The Scots have a saying “Am aff et” – pertaining to their current drinking habits (we’re talking booze, naturally). As in, imagine yourself in a bar in Glasgow hearing a guy ask his pal “right whatya havin”) only for the pal to reply “nah thanks pal, A'm affet”. Being set in Glasgow, our teetotaller will then of course be subjected to a torrent of abuse such we have never heard the like - in a language we don't in any case fully understand.
I love the Glasgow patter – and have studied it off & on, over the years (there’s always something new to discover). What I love about this saying is it makes the assumption that the default setting for all humans north of the border is normally, to be very much “on it” – which is fair enough when you take into account the weather they put up with. Certainly, being “affet” is accepted only as a very rare state of being.
So it is though with me and music – currently. Something’s wrong – A'm affet. I’ve struggled to connect with anything on my iPod for the past two weeks. Yesterday in the gym I couldn’t find anything sufficiently motivational – not even from the usual suspects Iron Maiden, Def Leppard, Feeder, Judas Priest, Van Halen et al. (It has to be metal in the gym don’t it? Please don’t tell me you listen to dance or 80s mixes?). I had to make do with some old Third Eye Blind which barely got me through it. During the warm-down I sought inspiration with a blast of the new Afrocubism album but despite the obvious genius on offer, again I just couldn’t connect with it.
Now this has occurred from time to time before. I can at rare times find that I am bored with my entire music collection – seven thousand odd tracks on the iPod, the ever present CD shelves (classics, current and those thrown in to the cupboard below which then hang on desperately forever in CD purgatory) – nothing can seem to offer a breakthrough (we can skip radio safely I think).
I don’t know what the root cause is. I know I had a recent episode of ‘the lurch’ over a Superchunk album I downloaded from Amazon. The lurch is another music-fan phenomenon these days very rarely encountered – namely when you buy (before you try!) a much anticipated or recommended record before actually playing back and feeling slightly sick at the fact that you know you don’t like it – and never will. The lurch is a hangover from the days when we paid £13.99 for a CD only to get it home and realise it really was a duffer.

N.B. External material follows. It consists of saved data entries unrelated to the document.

(* Let $(F_r)_{r\in\mathbb Z}$ be the Fibonacci numbers and $(\mathcal F_r)_{r\in\mathbb Z}$ any generalized Fibonacci sequence. Then for all integers $r,s$ and every non-negative integer $k$: \[ F_s\sum_{j=0}^kF_{s+1}^{k-j}\mathcal F_{r-1+sj}=\mathcal F_{r+s(k+1)}-F_{s+1}^{k+1}\mathcal F_r, \] \[ \sum_{j=0}^k(-1)^jF_s^{k-j}F_{s+1}^j\mathcal F_{r-k+s+j}=(-1)^kF_{s+1}^{k+1}\mathcal F_r+F_s^{k+1}\mathcal F_{r-k-1}, \] \[ F_s\sum_{j=0}^kF_{s-1}^{k-j}\mathcal F_{r-sk-s+1+sj}=\mathcal F_r-F_{s-1}^{k+1}\mathcal F_{r-(k+1)s}. \]
   Context: A generalized Fibonacci sequence is a two-sided sequence $(\mathcal F_r)_{r\in\mathbb Z}$ of complex numbers with $\mathcal F_r=\mathcal F_{r-1}+\mathcal F_{r-2}$ for all $r\in\mathbb Z$. The Fibonacci numbers $F_r$ are the one with $F_0=0$, $F_1=1$ (extended to negative indices by the recurrence). The convention $0^0=1$ is used. *)

theory Defs
  imports Complex_Main "HOL-Number_Theory.Fib"
begin

definition gen_fib :: "(int \<Rightarrow> complex) \<Rightarrow> bool" where
  "gen_fib G \<longleftrightarrow> (\<forall>r::int. G r = G (r - 1) + G (r - 2))"

text \<open>Two-sided Fibonacci numbers: F_0 = 0, F_1 = 1, extended to negative indices
  by the recurrence, which gives F_(-n) = (-1)^(n+1) F_n.\<close>
definition fibZ :: "int \<Rightarrow> int" where
  "fibZ r = (if r \<ge> 0 then int (fib (nat r)) else (-1) ^ (nat (-r) + 1) * int (fib (nat (-r))))"

end

theory Submission
  imports Defs
begin

text \<open>Every generalized Fibonacci sequence satisfies the addition law
  \<open>G (n + m) = F\<^sub>m G (n + 1) + F\<^sub>m\<^sub>-\<^sub>1 G n\<close>: both sides obey the Fibonacci recurrence
  in \<open>m\<close> and agree at \<open>m = 0, 1\<close>. Taking \<open>m = s + 1\<close> resp. \<open>m = s\<close> gives the one-step
  relations \<open>G (x + s) = F\<^sub>s\<^sub>+\<^sub>1 G x + F\<^sub>s G (x - 1)\<close> and
  \<open>G (x + s) = F\<^sub>s G (x + 1) + F\<^sub>s\<^sub>-\<^sub>1 G x\<close>. With these, every summand of the three
  identities is the difference of two consecutive terms of a geometrically weighted shift of
  \<open>G\<close>, so each sum telescopes.\<close>

lemma fibZ_of_nat [simp]: "fibZ (int n) = int (fib n)"
  by (simp add: fibZ_def)

lemma fibZ_minus_of_nat: "fibZ (- int n) = (-1) ^ (n + 1) * int (fib n)"
  by (auto simp: fibZ_def)

lemma fibZ_rec: "fibZ r = fibZ (r - 1) + fibZ (r - 2)"
proof -
  consider "r \<ge> 2" | "r = 1" | "r = 0" | "r \<le> -1" by linarith
  then show ?thesis
  proof cases
    case 1
    define n where "n = nat (r - 2)"
    with 1 have "r = int (Suc (Suc n))" "r - 1 = int (Suc n)" "r - 2 = int n"
      by simp_all
    then show ?thesis by (simp only: fibZ_of_nat fib.simps(3) of_nat_add)
  next
    case 4
    define n where "n = nat (- r - 1)"
    with 4 have "r = - int (Suc n)" "r - 1 = - int (Suc (Suc n))" "r - 2 = - int (Suc (Suc (Suc n)))"
      by simp_all
    then show ?thesis by (simp only: fibZ_minus_of_nat) (simp add: algebra_simps)
  qed (simp_all add: fibZ_def)
qed

lemma fib_recurrence_unique:
  fixes f g :: "int \<Rightarrow> 'a::ab_group_add"
  assumes "\<And>x. f x = f (x - 1) + f (x - 2)" and "\<And>x. g x = g (x - 1) + g (x - 2)"
    and "f 0 = g 0" and "f 1 = g 1"
  shows "f x = g x"
proof -
  define h where "h x = f x - g x" for x
  have rec: "h x = h (x - 1) + h (x - 2)" for x
    using assms(1,2)[of x] by (simp add: h_def algebra_simps)
  have "h x = 0 \<and> h (x + 1) = 0"
  proof (induction x rule: int_induct[where k = 0])
    case base
    then show ?case using assms(3,4) by (simp add: h_def)
  next
    case (step1 i)
    then show ?case using rec[of "i + 2"] by (simp add: add.commute)
  next
    case (step2 i)
    then show ?case using rec[of "i + 1"] by auto
  qed
  then show ?thesis by (simp add: h_def)
qed

lemma gen_fib_add:
  assumes "gen_fib G"
  shows "G (n + m) = of_int (fibZ m) * G (n + 1) + of_int (fibZ (m - 1)) * G n"
proof -
  let ?g = "\<lambda>m. of_int (fibZ m) * G (n + 1) + of_int (fibZ (m - 1)) * G n"
  have "G (n + x) = G (n + x - 1) + G (n + x - 2)" for x
    using assms unfolding gen_fib_def by blast
  moreover have "?g x = ?g (x - 1) + ?g (x - 2)" for x
    using fibZ_rec[of x] fibZ_rec[of "x - 1"] by (simp add: algebra_simps)
  ultimately show ?thesis
    using fib_recurrence_unique[of "\<lambda>m. G (n + m)" ?g] by (simp add: fibZ_def add_diff_eq)
qed

lemma weighted_sum_shift_eq:
  fixes G :: "int \<Rightarrow> 'a::comm_ring_1"
  assumes step: "\<And>x. G (x + s) = a * G x + b * G (x - 1)"
  shows "b * (\<Sum>j=0..k. a ^ (k - j) * G (r - 1 + s * int j))
       = G (r + s * (int k + 1)) - a ^ (k + 1) * G r"
proof -
  define W where "W j = a ^ (k + 1 - j) * G (r + s * int j)" for j
  have "b * (a ^ (k - j) * G (r - 1 + s * int j)) = W (Suc j) - W j" if "j \<le> k" for j
  proof -
    have "k + 1 - j = Suc (k - j)" "k + 1 - Suc j = k - j" using that by auto
    moreover have "G (r + s * int (Suc j)) = a * G (r + s * int j) + b * G (r - 1 + s * int j)"
      using step[of "r + s * int j"] by (simp add: algebra_simps)
    ultimately show ?thesis by (simp add: W_def algebra_simps)
  qed
  then have "b * (\<Sum>j=0..k. a ^ (k - j) * G (r - 1 + s * int j)) = (\<Sum>j=0..k. W (Suc j) - W j)"
    by (simp add: sum_distrib_left)
  also have "\<dots> = W (Suc k) - W 0"
    by (rule sum_Suc_diff) simp
  finally show ?thesis by (simp add: W_def algebra_simps)
qed

lemma alternating_weighted_sum_shift_eq:
  fixes G :: "int \<Rightarrow> 'a::comm_ring_1"
  assumes step: "\<And>x. G (x + s) = a * G x + b * G (x - 1)"
  shows "(\<Sum>j=0..k. (-1) ^ j * b ^ (k - j) * a ^ j * G (r - int k + s + int j))
       = (-1) ^ k * a ^ (k + 1) * G r + b ^ (k + 1) * G (r - int k - 1)"
proof -
  define U where "U j = - ((-1) ^ j * b ^ (k + 1 - j) * a ^ j * G (r - int k - 1 + int j))" for j
  have "(-1) ^ j * b ^ (k - j) * a ^ j * G (r - int k + s + int j) = U (Suc j) - U j"
    if "j \<le> k" for j
  proof -
    have "k + 1 - j = Suc (k - j)" "k + 1 - Suc j = k - j" using that by auto
    moreover have "G (r - int k + s + int j)
        = a * G (r - int k + int j) + b * G (r - int k - 1 + int j)"
      using step[of "r - int k + int j"] by (simp add: algebra_simps)
    ultimately show ?thesis by (simp add: U_def algebra_simps)
  qed
  then have "(\<Sum>j=0..k. (-1) ^ j * b ^ (k - j) * a ^ j * G (r - int k + s + int j))
      = (\<Sum>j=0..k. U (Suc j) - U j)"
    by simp
  also have "\<dots> = U (Suc k) - U 0"
    by (rule sum_Suc_diff) simp
  finally show ?thesis by (simp add: U_def algebra_simps)
qed

lemma weighted_sum_shift_eq_backward:
  fixes G :: "int \<Rightarrow> 'a::comm_ring_1"
  assumes step: "\<And>x. G (x + s) = b * G (x + 1) + c * G x"
  shows "b * (\<Sum>j=0..k. c ^ (k - j) * G (r - s * int k - s + 1 + s * int j))
       = G r - c ^ (k + 1) * G (r - (int k + 1) * s)"
proof -
  define V where "V j = c ^ (k + 1 - j) * G (r - s * int k - s + s * int j)" for j
  have "b * (c ^ (k - j) * G (r - s * int k - s + 1 + s * int j)) = V (Suc j) - V j"
    if "j \<le> k" for j
  proof -
    have "k + 1 - j = Suc (k - j)" "k + 1 - Suc j = k - j" using that by auto
    moreover have "G (r - s * int k - s + s * int (Suc j))
        = b * G (r - s * int k - s + 1 + s * int j) + c * G (r - s * int k - s + s * int j)"
      using step[of "r - s * int k - s + s * int j"] by (simp add: algebra_simps)
    ultimately show ?thesis by (simp add: V_def algebra_simps)
  qed
  then have "b * (\<Sum>j=0..k. c ^ (k - j) * G (r - s * int k - s + 1 + s * int j))
      = (\<Sum>j=0..k. V (Suc j) - V j)"
    by (simp add: sum_distrib_left)
  also have "\<dots> = V (Suc k) - V 0"
    by (rule sum_Suc_diff) simp
  also have "\<dots> = G r - c ^ (k + 1) * G (r - (int k + 1) * s)"
    unfolding V_def by (simp add: algebra_simps)
  finally show ?thesis .
qed

theorem mainTheorem6:
  fixes G :: "int \<Rightarrow> complex" and r s :: int and k :: nat
  assumes "gen_fib G"
  shows "(of_int (fibZ s) * (\<Sum>j=0..k. of_int (fibZ (s + 1)) ^ (k - j) * G (r - 1 + s * int j))
           = G (r + s * (int k + 1)) - of_int (fibZ (s + 1)) ^ (k + 1) * G r) \<and>
         ((\<Sum>j=0..k. (-1) ^ j * of_int (fibZ s) ^ (k - j) * of_int (fibZ (s + 1)) ^ j
              * G (r - int k + s + int j))
           = (-1) ^ k * of_int (fibZ (s + 1)) ^ (k + 1) * G r + of_int (fibZ s) ^ (k + 1) * G (r - int k - 1)) \<and>
         (of_int (fibZ s) * (\<Sum>j=0..k. of_int (fibZ (s - 1)) ^ (k - j) * G (r - s * int k - s + 1 + s * int j))
           = G r - of_int (fibZ (s - 1)) ^ (k + 1) * G (r - (int k + 1) * s))"
proof -
  have forward: "G (x + s) = of_int (fibZ (s + 1)) * G x + of_int (fibZ s) * G (x - 1)" for x
    using gen_fib_add[OF assms, of "x - 1" "s + 1"] by simp
  have backward: "G (x + s) = of_int (fibZ s) * G (x + 1) + of_int (fibZ (s - 1)) * G x" for x
    using gen_fib_add[OF assms, of x s] by simp
  show ?thesis
    using weighted_sum_shift_eq[OF forward] alternating_weighted_sum_shift_eq[OF forward]
      weighted_sum_shift_eq_backward[OF backward]
    by blast
qed

end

These days Spotify, We7 and blogs have meant to have solved the lurch. Except they haven’t in some cases for me, because there’s stuff I don’t want to stream first, or I know won’t turn up on these services (the catalogue of American indie and alt country on UK streaming services is paltry). Besides, Amazon allowed me to download the Superchunk album on the Saturday before its Monday release date (can Amazon really do that?). So it all made sense until I played it back – too many unsubtle guitars and every track beginning or ending in guitar feedback and the guy can’t sing – urgghh.
That left me disappointed. Perhaps missing the I Am Kloot gig at Union Chapel was untimely, since that was the last record I really played to the point of pure enjoyment. No gig is on the cards now until Spoon on November 16th!
Given the age we are living in, this shouldn’t happen of course. So, I’ve made it my mission for this week to go out and discover something new. I’ll be trying out the Chompin mobile app for blog streams and sticking with Shuffler.fm too. I’ll get back on to Mflow for a bit and check out We7 and Spotify’s recently upgraded playlisting features. I might even re-subscribe to emusic or something similar. I’ll stick with my usual scan of the music papers and magazines of course and have a blast on Metacritic (though I’m not greatly impressed by the 83/100 score for Superchunk!).
I’ll report back on the efficacy of these various prescriptions when I’m cured. Or maybe I’ll just get back off the wagon with some classic Beatles or something...advice welcome.
2 comments:
i go through stages like this.
in fact in recent times, this has happened on a more and more regular basis - in 2010 it has become my defacto state.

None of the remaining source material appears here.